> _Directions for this task_
Please set down, exactly as written, the line containing "using nz mult_left_cancel[OF" and every line after it through the end of the records.

Records supplied START

lemma (in group) intersecting_psupset_stabilizer_order_3_elements:
  assumes H: "subgroup H G" and card_H: "card H = 3" and F: "intersecting_set G H F"
    and v: "v \<in> lcosets H" and proper: "coset_stab G v \<subset> F"
  obtains u f where "u \<in> carrier G" "f \<in> carrier G"
    "\<forall>y \<in> {u, f, u \<otimes> f, u \<otimes> u \<otimes> f}. y \<noteq> \<one> \<and> y [^] (3::nat) = \<one>"
proof -
  let ?S = "coset_stab G v"
  have S: "subgroup ?S G"
    using subgroup_coset_stab subgroup.lcosets_carrier[OF H is_group v] by blast
  have "\<not> ?S \<subseteq> {\<one>}"
  proof
    assume "?S \<subseteq> {\<one>}"
    then have "card ?S \<le> 1" using card_mono[of "{\<one>}" ?S] by simp
    then show False using card_coset_stab[OF H v] card_H by simp
  qed
  then obtain u where uS: "u \<in> ?S" and u1: "u \<noteq> \<one>" by blast
  obtain f where fF: "f \<in> F" and fS: "f \<notin> ?S" using proper by blast
  have uc: "u \<in> carrier G" using subgroup.mem_carrier[OF S uS] .
  have fc: "f \<in> carrier G" using fF F by (auto simp: intersecting_set_def)
  have shifted: "s \<otimes> f \<noteq> \<one> \<and> (s \<otimes> f) [^] (3::nat) = \<one>" if sS: "s \<in> ?S" for s
  proof
    have sc: "s \<in> carrier G" using subgroup.mem_carrier[OF S sS] .
    have "inv s \<in> F" using subgroup.m_inv_closed[OF S sS] proper by blast
    then show "(s \<otimes> f) [^] (3::nat) = \<one>"
      using intersecting_set_pow_card_eq_one[OF H F fF, of "inv s"] sc card_H by simp
    show "s \<otimes> f \<noteq> \<one>"
    proof
      assume "s \<otimes> f = \<one>"
      then have "f = inv s" using inv_mult_cancel_left[OF sc fc] sc by simp
      then show False using fS subgroup.m_inv_closed[OF S sS] by simp
    qed
  qed
  have "u [^] (3::nat) = \<one>" using coset_stab_pow_card_eq_one[OF H v uS] card_H by simp
  moreover have "\<one> \<otimes> f = f" "(u \<otimes> u) \<otimes> f = u \<otimes> u \<otimes> f" using fc by simp_all
  ultimately have "\<forall>y \<in> {u, f, u \<otimes> f, u \<otimes> u \<otimes> f}. y \<noteq> \<one> \<and> y [^] (3::nat) = \<one>"
    using u1 shifted uS subgroup.one_closed[OF S] subgroup.m_closed[OF S uS uS] by (metis insert_iff empty_iff)
  then show thesis using that uc fc by blast
qed

lemma trace_2: "trace (A::'a::comm_semiring_1^2^2) = A$1$1 + A$2$2"
  by (simp add: trace_def sum_2)

lemma matrix_mult_2_nth:
  "((A::'a::comm_semiring_1^2^2) ** B)$i$j = A$i$1 * B$1$j + A$i$2 * B$2$j"
  by (simp add: matrix_matrix_mult_def sum_2)

text \<open>Cayley--Hamilton: \<open>A\<^sup>2 = tr A \<cdot> A - I\<close> when \<open>det A = 1\<close>.\<close>

lemma cube_nth_if_det_eq_1:
  fixes A :: "'a::idom^2^2"
  assumes "det A = 1"
  shows "(A ** A ** A)$i$j = (trace A ^ 2 - 1) * A$i$j - (if i = j then trace A else 0)"
proof -
  have det: "A$1$1 * A$2$2 - A$1$2 * A$2$1 = 1" using assms by (simp add: det_2)
  have "(A ** A ** A)$1$1 = (trace A ^ 2 - 1) * A$1$1 - trace A"
    "(A ** A ** A)$2$2 = (trace A ^ 2 - 1) * A$2$2 - trace A"
    "(A ** A ** A)$1$2 = (trace A ^ 2 - 1) * A$1$2"
    "(A ** A ** A)$2$1 = (trace A ^ 2 - 1) * A$2$1"
    using det unfolding trace_2 matrix_mult_2_nth by Groebner_Basis.algebra+
  then show ?thesis using exhaust_2[of i] exhaust_2[of j] by auto
qed

lemma trace_square_eq_1_if_cube_in_plus_minus_I:
  fixes A :: "'a::field^2^2"
  assumes det: "det A = 1" and cube: "A ** A ** A \<in> {mat 1, - mat 1}"
    and nontriv: "A \<notin> {mat 1, - mat 1}"
  shows "trace A ^ 2 = 1"
proof (rule ccontr)
  assume "trace A ^ 2 \<noteq> 1"
  then have nz: "trace A ^ 2 - 1 \<noteq> 0" by simp
  have "- mat 1 = (mat (-1) :: 'a^2^2)" by (simp add: vec_eq_iff mat_def)
  then obtain e :: 'a where "e = 1 \<or> e = -1" and "A ** A ** A = mat e"
    using cube by auto
  then have "(trace A ^ 2 - 1) * A$i$j = (if i = j then e + trace A else 0)" for i j
    using cube_nth_if_det_eq_1[OF det, of i j] by (auto simp: mat_def algebra_simps)
  from this[of 1 2] this[of 2 1] this[of 1 1] this[of 2 2]
  have off: "A$1$2 = 0" "A$2$1 = 0" and diag: "A$1$1 = A$2$2"
    using nz mult_left_cancel[OF nz, of "A$1$1" "A$2$2"] by auto
  have "A$1$1 * A$1$1 = 1" using det off diag by (simp add: det_2)
  then have "A$1$1 = 1 \<or> A$1$1 = -1" by (simp add: square_eq_1_iff)
  then have "A \<in> {mat 1, - mat 1}" using off diag by (auto simp: vec_eq_iff forall_2 mat_def)
  with nontriv show False by simp
qed

lemma trace_mult_square_if_det_eq_1:
  fixes W X :: "'a::idom^2^2"
  assumes "det W = 1"
  shows "trace (W ** W ** X) = trace W * trace (W ** X) - trace X"
  using assms unfolding trace_2 matrix_mult_2_nth det_2 by Groebner_Basis.algebra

Records supplied END

> _Worked solution_
    using nz mult_left_cancel[OF nz, of "A$1$1" "A$2$2"] by auto
  have "A$1$1 * A$1$1 = 1" using det off diag by (simp add: det_2)
  then have "A$1$1 = 1 \<or> A$1$1 = -1" by (simp add: square_eq_1_iff)
  then have "A \<in> {mat 1, - mat 1}" using off diag by (auto simp: vec_eq_iff forall_2 mat_def)
  with nontriv show False by simp
qed

lemma trace_mult_square_if_det_eq_1:
  fixes W X :: "'a::idom^2^2"
  assumes "det W = 1"
  shows "trace (W ** W ** X) = trace W * trace (W ** X) - trace X"
  using assms unfolding trace_2 matrix_mult_2_nth det_2 by Groebner_Basis.algebra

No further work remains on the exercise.